São Lucas nos repete que a Mãe de Deus, Virgem Maria Santíssima (LC 1,35), vivia todas as palavras se as obras de Jesus em seu coração como se nos quisesse afirmar que as viveu com AMOR (1 Cor 13).

Segundo a vivência de AMOR que pusermos em nossa vida, seremos ou não CRISTÃOS.

Qual o culto que se deve prestar a Nossa Senhora?
À Virgem Santíssima deve-se prestar oculto de uma veneração especial (que os teólogos chamam hiperdulia), o qual está acima da simples veneração (dulia),que se deve aos Santos, mas abaixo do Ato de Adoração (Latria),que é só devido a Deus.

” SÓ SE AMA AQUILO QUE SE CONHECE

E NÃO SE ESQUECE AQUILO QUE SE AMA! ”
O que é preciso para entender corretamente as referências Evangélicas sobre a Mãe de Deus?
Dificilmente se entenderá as passagens do Evangelhos referentes a Nossa Senhora sem ter presente a sua Santidade excelsa, a plenitude da graça que A sublimava. Essa plenitude de GRAÇA é atestada pelo mensageiro de Deus, vejamos de Deus e não dos homens. Isto é, pelo Arcanjo São Gabriel na Anunciação: ” DEUS te salve, CHEIA de GRAÇA, O SENHOR É CONTIGO (LC 1,28) ” – ”

BENDITA ÉS TU ENTRE AS MULHERES ” (LC 1,42).

Porque Maria merece veneração especial?

Maria Santíssima merece uma veneração especial por ser a MÃE DE DEUS e nossa Mãe. Devemos ainda a Ela uma veneração especial por sua santidade excelsa, sua PLENITUDE DE GRAÇA (LC 1,28), e pelo papel destacado que Ela ocupa na História da Salvação da humanidade.

Porque a Virgem é nossa Mãe?

Maria Santíssima é nossa Mãe porque, com seu amor, cooperou para que nascêssemos para a vida da graça. Ela é também nossa Mãe porque nos assiste em nossas necessidades espirituais e materiais, como faz toda boa mãe com seus filhos.

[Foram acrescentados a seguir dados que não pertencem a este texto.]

(* For any integers $n\ge4$ and $k<\frac{n-1}{2}$, the Cayley graph of $\mathbb{Z}_n$ with generators $\{\pm1,\dots,\pm k\}$ (i.e. the graph on $\{0,\dots,n-1\}$ where $i,j$ are adjacent iff $j-i\equiv\pm g\pmod n$ for some $g\in\{1,\dots,k\}$) has broadcast rate $\beta=n/(k+1)$.
   Context: For an undirected graph $G$ on vertex set $V$, consider the index coding problem: a server holds messages $x_v\in\Sigma$ ($|\Sigma|>1$), receiver $v$ wants $x_v$ and knows $x_u$ for every neighbor $u$ of $v$. A solution is an encoding $\mathcal{E}:\Sigma^{V}\to\Sigma_P$ from which each receiver can recover its message given its side information, for all message values. $\beta_t(G)$ is the minimum of $\lceil\log_2|\Sigma_P|\rceil$ over solutions with $|\Sigma|=2^t$, and the broadcast rate is $\beta(G)=\lim_t\beta_t(G)/t=\inf_t\beta_t(G)/t$. *)

theory Defs
  imports "HOL-Analysis.Analysis" "HOL-Number_Theory.Cong"
begin

text \<open>An encoding E maps message vectors into the
  public alphabet P.  Receiver v knows x restricted to N v and must decode x v.\<close>

definition msgs :: "'v set \<Rightarrow> nat \<Rightarrow> ('v \<Rightarrow> nat) set" where
  "msgs V t = PiE V (\<lambda>_. {..<2^t})"

definition ic_solution ::
  "'v set \<Rightarrow> ('v \<Rightarrow> 'v set) \<Rightarrow> nat \<Rightarrow> nat set \<Rightarrow> (('v \<Rightarrow> nat) \<Rightarrow> nat) \<Rightarrow> bool" where
  "ic_solution V N t P E \<longleftrightarrow>
     (\<forall>x\<in>msgs V t. E x \<in> P) \<and>
     (\<forall>v\<in>V. \<exists>D :: nat \<Rightarrow> ('v \<Rightarrow> nat) \<Rightarrow> nat.
        \<forall>x\<in>msgs V t. D (E x) (restrict x (N v)) = x v)"

definition beta_t :: "'v set \<Rightarrow> ('v \<Rightarrow> 'v set) \<Rightarrow> nat \<Rightarrow> nat" where
  "beta_t V N t = (LEAST m. \<exists>P E. finite P \<and> ic_solution V N t P E \<and>
                               m = nat \<lceil>log 2 (real (card P))\<rceil>)"

definition broadcast_rate :: "'v set \<Rightarrow> ('v \<Rightarrow> 'v set) \<Rightarrow> real" where
  "broadcast_rate V N = (INF t\<in>{1..}. real (beta_t V N t) / real t)"

definition circ_nbrs :: "nat \<Rightarrow> nat \<Rightarrow> nat \<Rightarrow> nat set" where
  "circ_nbrs n k i = {j \<in> {0..<n}. \<exists>g\<in>{1..k}.
       [int j - int i = int g] (mod int n) \<or> [int j - int i = - int g] (mod int n)}"

end

theory Submission
  imports Defs
begin

text \<open>Fix a solution E for t-bit messages and let f S = H(E, x_S) - t |S|,
  the entropy taken over uniformly random messages.  Then f is submodular, decreases by exactly
  t when a vertex is added to a set containing its neighbourhood, vanishes on V, is maximal at
  the empty set, and f {} \<le> log |P|.  Summing f over all n rotations of the arcs of length L
  gives a sequence that is concave in L; splitting an arc of length 2k+1 at its middle vertex
  shows that the sequence drops by at least n t between k and 2k+1, while at length n - 1 it is
  still n t.  Concavity then yields n f {} \<ge> n^2 t / (k+1).

  For t = k + 1, broadcast for every j the parity of the bits i of the messages
  j + i (i \<le> k); receiver v reads bit i of its message off the parity at j = v - i, all other
  summands being side information.  This uses n bits, so beta_(k+1) \<le> n.\<close>

definition fiber_card :: "'a set \<Rightarrow> ('a \<Rightarrow> 'b) \<Rightarrow> 'a \<Rightarrow> nat" where
  "fiber_card \<Omega> F w = card {w'\<in>\<Omega>. F w' = F w}"

definition uniform_entropy :: "'a set \<Rightarrow> ('a \<Rightarrow> 'b) \<Rightarrow> real" where
  "uniform_entropy \<Omega> F =
     (\<Sum>w\<in>\<Omega>. log 2 (real (card \<Omega>) / real (fiber_card \<Omega> F w))) / real (card \<Omega>)"

lemma fiber_card_pos: "finite \<Omega> \<Longrightarrow> w \<in> \<Omega> \<Longrightarrow> 0 < fiber_card \<Omega> F w"
  unfolding fiber_card_def by (subst card_gt_0_iff) auto

lemma uniform_entropy_cong:
  assumes "\<And>w w'. w \<in> \<Omega> \<Longrightarrow> w' \<in> \<Omega> \<Longrightarrow> F w' = F w \<longleftrightarrow> G w' = G w"
  shows "uniform_entropy \<Omega> F = uniform_entropy \<Omega> G"
proof -
  have "fiber_card \<Omega> F w = fiber_card \<Omega> G w" if "w \<in> \<Omega>" for w
    unfolding fiber_card_def using assms[OF that] by (metis (no_types, lifting))
  then show ?thesis unfolding uniform_entropy_def by (simp cong: sum.cong)
qed

lemma uniform_entropy_const: "uniform_entropy \<Omega> (\<lambda>w. c) = 0"
  by (simp add: uniform_entropy_def fiber_card_def)

lemma sum_inverse_fiber_card:
  assumes fin: "finite \<Omega>"
  shows "(\<Sum>w\<in>\<Omega>. 1 / real (fiber_card \<Omega> F w)) = real (card (F ` \<Omega>))"
proof -
  have "(\<Sum>w\<in>\<Omega>. 1 / real (fiber_card \<Omega> F w))
      = (\<Sum>y\<in>F ` \<Omega>. \<Sum>w\<in>{x\<in>\<Omega>. F x = y}. 1 / real (fiber_card \<Omega> F w))"
    by (rule sum.image_gen[OF fin])
  also have "\<dots> = (\<Sum>y\<in>F ` \<Omega>. 1)"
  proof (rule sum.cong[OF refl])
    fix y assume y: "y \<in> F ` \<Omega>"
    let ?T = "{x\<in>\<Omega>. F x = y}"
    have "fiber_card \<Omega> F w = card ?T" if "w \<in> ?T" for w
      using that unfolding fiber_card_def by (metis (mono_tags, lifting) mem_Collect_eq)
    moreover have "card ?T > 0" using y fin by (subst card_gt_0_iff) auto
    ultimately show "(\<Sum>w\<in>?T. 1 / real (fiber_card \<Omega> F w)) = 1" by simp
  qed
  finally show ?thesis by simp
qed

lemma log2_le_diff_one: "0 < (u::real) \<Longrightarrow> log 2 u \<le> (u - 1) / ln 2"
  by (simp add: log_def divide_right_mono ln_le_minus_one)

lemma log2_ge_one_minus_inverse: "0 < (u::real) \<Longrightarrow> (1 - 1 / u) / ln 2 \<le> log 2 u"
proof -
  assume u: "0 < u"
  have "ln (1 / u) \<le> 1 / u - 1" using u by (simp add: ln_le_minus_one)
  then have "1 - 1 / u \<le> ln u" using u by (simp add: ln_div)
  then show ?thesis by (simp add: log_def divide_right_mono)
qed

lemma uniform_entropy_le_log_card_image:
  assumes fin: "finite \<Omega>" and ne: "\<Omega> \<noteq> {}"
  shows "uniform_entropy \<Omega> F \<le> log 2 (real (card (F ` \<Omega>)))"
proof -
  define N where "N = real (card \<Omega>)"
  define K where "K = real (card (F ` \<Omega>))"
  define c where "c w = real (fiber_card \<Omega> F w)" for w
  have N: "N > 0" and K: "K > 0" using fin ne by (simp_all add: N_def K_def card_gt_0_iff)
  have c: "c w > 0" if "w \<in> \<Omega>" for w using fiber_card_pos[OF fin that] by (simp add: c_def)
  have "(\<Sum>w\<in>\<Omega>. log 2 (N / c w)) - N * log 2 K = (\<Sum>w\<in>\<Omega>. log 2 (N / (K * c w)))"
  proof -
    have "log 2 (N / (K * c w)) = log 2 (N / c w) - log 2 K" if "w \<in> \<Omega>" for w
      using N K c[OF that] by (simp add: log_divide log_mult)
    then show ?thesis by (simp add: sum_subtractf N_def cong: sum.cong)
  qed
  also have "\<dots> \<le> (\<Sum>w\<in>\<Omega>. (N / (K * c w) - 1) / ln 2)"
    by (rule sum_mono, rule log2_le_diff_one) (use N K c in auto)
  also have "\<dots> = ((N / K) * (\<Sum>w\<in>\<Omega>. 1 / c w) - N) / ln 2"
    by (simp add: sum_divide_distrib[symmetric] sum_subtractf sum_distrib_left N_def)
  also have "\<dots> = 0" using K by (simp add: c_def sum_inverse_fiber_card[OF fin] K_def)
  finally have "(\<Sum>w\<in>\<Omega>. log 2 (N / c w)) \<le> N * log 2 K" by simp
  then show ?thesis unfolding uniform_entropy_def N_def[symmetric] K_def[symmetric] c_def[symmetric]
    using N by (simp add: divide_le_eq mult.commute)
qed

lemma sum_common_fiber_le:
  fixes X :: "'a \<Rightarrow> 'b" and Y :: "'a \<Rightarrow> 'c" and Z :: "'a \<Rightarrow> 'd" and p q :: 'a
  assumes fin: "finite \<Omega>"
  defines "T \<equiv> {w\<in>\<Omega>. X w = X p \<and> Y w = Y q \<and> Z w = Z p \<and> Z w = Z q}"
  shows "(\<Sum>w\<in>T. 1 / (real (fiber_card \<Omega> (\<lambda>w. (X w, Y w, Z w)) w) * real (fiber_card \<Omega> Z w)))
         \<le> (if Z p = Z q then 1 / real (fiber_card \<Omega> Z p) else 0)"
proof (cases "T = {}")
  case False
  then obtain w0 where w0: "w0 \<in> T" by auto
  have "fiber_card \<Omega> (\<lambda>w. (X w, Y w, Z w)) w = card T" if "w \<in> T" for w
  proof -
    have "{w'\<in>\<Omega>. (X w', Y w', Z w') = (X w, Y w, Z w)} = T" using that by (auto simp: T_def)
    then show ?thesis by (simp add: fiber_card_def)
  qed
  moreover have "fiber_card \<Omega> Z w = fiber_card \<Omega> Z p" if "w \<in> T" for w
    using that by (simp add: fiber_card_def T_def)
  ultimately have "(\<Sum>w\<in>T. 1 / (real (fiber_card \<Omega> (\<lambda>w. (X w, Y w, Z w)) w) * real (fiber_card \<Omega> Z w)))
      = (\<Sum>w\<in>T. 1 / (real (card T) * real (fiber_card \<Omega> Z p)))"
    by simp
  also have "\<dots> = 1 / real (fiber_card \<Omega> Z p)" using False fin by (simp add: T_def card_gt_0_iff)
  moreover have "Z p = Z q" using w0 by (auto simp: T_def)
  ultimately show ?thesis by simp
qed simp

text \<open>The double counting behind Shannon's inequality I(X;Y|Z) \<ge> 0.\<close>

lemma sum_fiber_card_ratio_le:
  assumes fin: "finite \<Omega>"
  shows "(\<Sum>w\<in>\<Omega>. real (fiber_card \<Omega> (\<lambda>w. (X w, Z w)) w) * real (fiber_card \<Omega> (\<lambda>w. (Y w, Z w)) w)
            / (real (fiber_card \<Omega> (\<lambda>w. (X w, Y w, Z w)) w) * real (fiber_card \<Omega> Z w)))
         \<le> real (card \<Omega>)"
proof -
  define a where "a w = real (fiber_card \<Omega> (\<lambda>w. (X w, Y w, Z w)) w)" for w
  define z where "z w = real (fiber_card \<Omega> Z w)" for w
  define A where "A w = {w1\<in>\<Omega>. (X w1, Z w1) = (X w, Z w)}" for w
  define B where "B w = {w2\<in>\<Omega>. (Y w2, Z w2) = (Y w, Z w)}" for w
  have AB: "A w \<times> B w \<subseteq> \<Omega> \<times> \<Omega>" for w by (auto simp: A_def B_def)
  have term_as_sum: "real (fiber_card \<Omega> (\<lambda>w. (X w, Z w)) w) * real (fiber_card \<Omega> (\<lambda>w. (Y w, Z w)) w)
      / (a w * z w) = (\<Sum>u\<in>\<Omega>\<times>\<Omega>. if u \<in> A w \<times> B w then 1 / (a w * z w) else 0)" for w
    using fin AB by (simp add: sum.If_cases Int_absorb1 fiber_card_def A_def B_def card_cartesian_product)
  have pair_bound: "(\<Sum>w\<in>\<Omega>. if u \<in> A w \<times> B w then 1 / (a w * z w) else 0)
      \<le> (if Z (fst u) = Z (snd u) then 1 / z (fst u) else 0)" if u_mem: "u \<in> \<Omega> \<times> \<Omega>" for u
  proof -
    obtain w1 w2 where u: "u = (w1, w2)" "w1 \<in> \<Omega>" "w2 \<in> \<Omega>" using u_mem by auto
    have "(\<Sum>w\<in>\<Omega>. if u \<in> A w \<times> B w then 1 / (a w * z w) else 0)
        = (\<Sum>w\<in>{w\<in>\<Omega>. X w = X w1 \<and> Y w = Y w2 \<and> Z w = Z w1 \<and> Z w = Z w2}. 1 / (a w * z w))"
      using u by (auto simp: sum.inter_filter[OF fin, symmetric] A_def B_def intro!: sum.cong)
    then show ?thesis unfolding a_def z_def u(1) fst_conv snd_conv
      by (rule ord_eq_le_trans[OF _ sum_common_fiber_le[OF fin]])
  qed
  have "(\<Sum>w\<in>\<Omega>. real (fiber_card \<Omega> (\<lambda>w. (X w, Z w)) w) * real (fiber_card \<Omega> (\<lambda>w. (Y w, Z w)) w)
          / (a w * z w))
      = (\<Sum>u\<in>\<Omega>\<times>\<Omega>. \<Sum>w\<in>\<Omega>. if u \<in> A w \<times> B w then 1 / (a w * z w) else 0)"
    by (simp add: term_as_sum sum.swap[where A = \<Omega>])
  also have "\<dots> \<le> (\<Sum>u\<in>\<Omega>\<times>\<Omega>. if Z (fst u) = Z (snd u) then 1 / z (fst u) else 0)"
    by (intro sum_mono pair_bound)
  also have "\<dots> = (\<Sum>w1\<in>\<Omega>. \<Sum>w2\<in>\<Omega>. if Z w1 = Z w2 then 1 / z w1 else 0)"
    by (subst sum.cartesian_product) (simp add: split_beta)
  also have "\<dots> = (\<Sum>w1\<in>\<Omega>. \<Sum>w2\<in>{w2\<in>\<Omega>. Z w2 = Z w1}. 1 / z w1)"
    unfolding sum.inter_filter[OF fin] by (intro sum.cong) auto
  also have "\<dots> = (\<Sum>w1\<in>\<Omega>. 1)"
    using fiber_card_pos[OF fin] by (intro sum.cong) (simp_all add: z_def fiber_card_def)
  finally show ?thesis by (simp add: a_def z_def)
qed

Em que momento de sua vida Maria se tornou especialmente nossa Mãe?

Maria se tornou nossa Mãe de modo especial na Anunciação (LC 1,26-38) e na Paixão (Jô 19,26).

Porque Maria se tornou NOSSA MÃE no momento da Anunciação?

A Virgem Maria se tornou Mãe na Anunciação porque foi nesse momento que Ela deu o seu consentimento para que se realizasse a Encarnação do Verbo e assim tivesse início a obra da nossa Redenção.

E porque também na PAIXÃO Maria se tornou nossa Mãe?

Maria se tornou nossa Mãe na paixão porque Jesus, do alto da cruz, entregou a Ela a Humanidade, representada por São João Evangelista, constituindo-nos seus filhos; ao mesmo tempo, no-la entregou a nós, fazendo-a nossa Mãe: ” Jesus, pois, tendo visto sua Mãe e o discípulo que ele amava, o qual estava presente, disse a sua Mãe: Mulher, ei saí o teu filho. Depois disse ao discípulo: Eis aí a tua Mãe” (Jô 19,26-27).

Qual o papel de destaque de Maria na História da Salvação?

Ela ocupa o papel único na História da Salvação vindo de sua associação com Cristo na obra da Redenção.
Por sua inteira liberalidade, Deus quis depender do consentimento da Virgem Maria para que se desse a Encarnação do Verbo e assim se tornasse possível a nossa Redenção.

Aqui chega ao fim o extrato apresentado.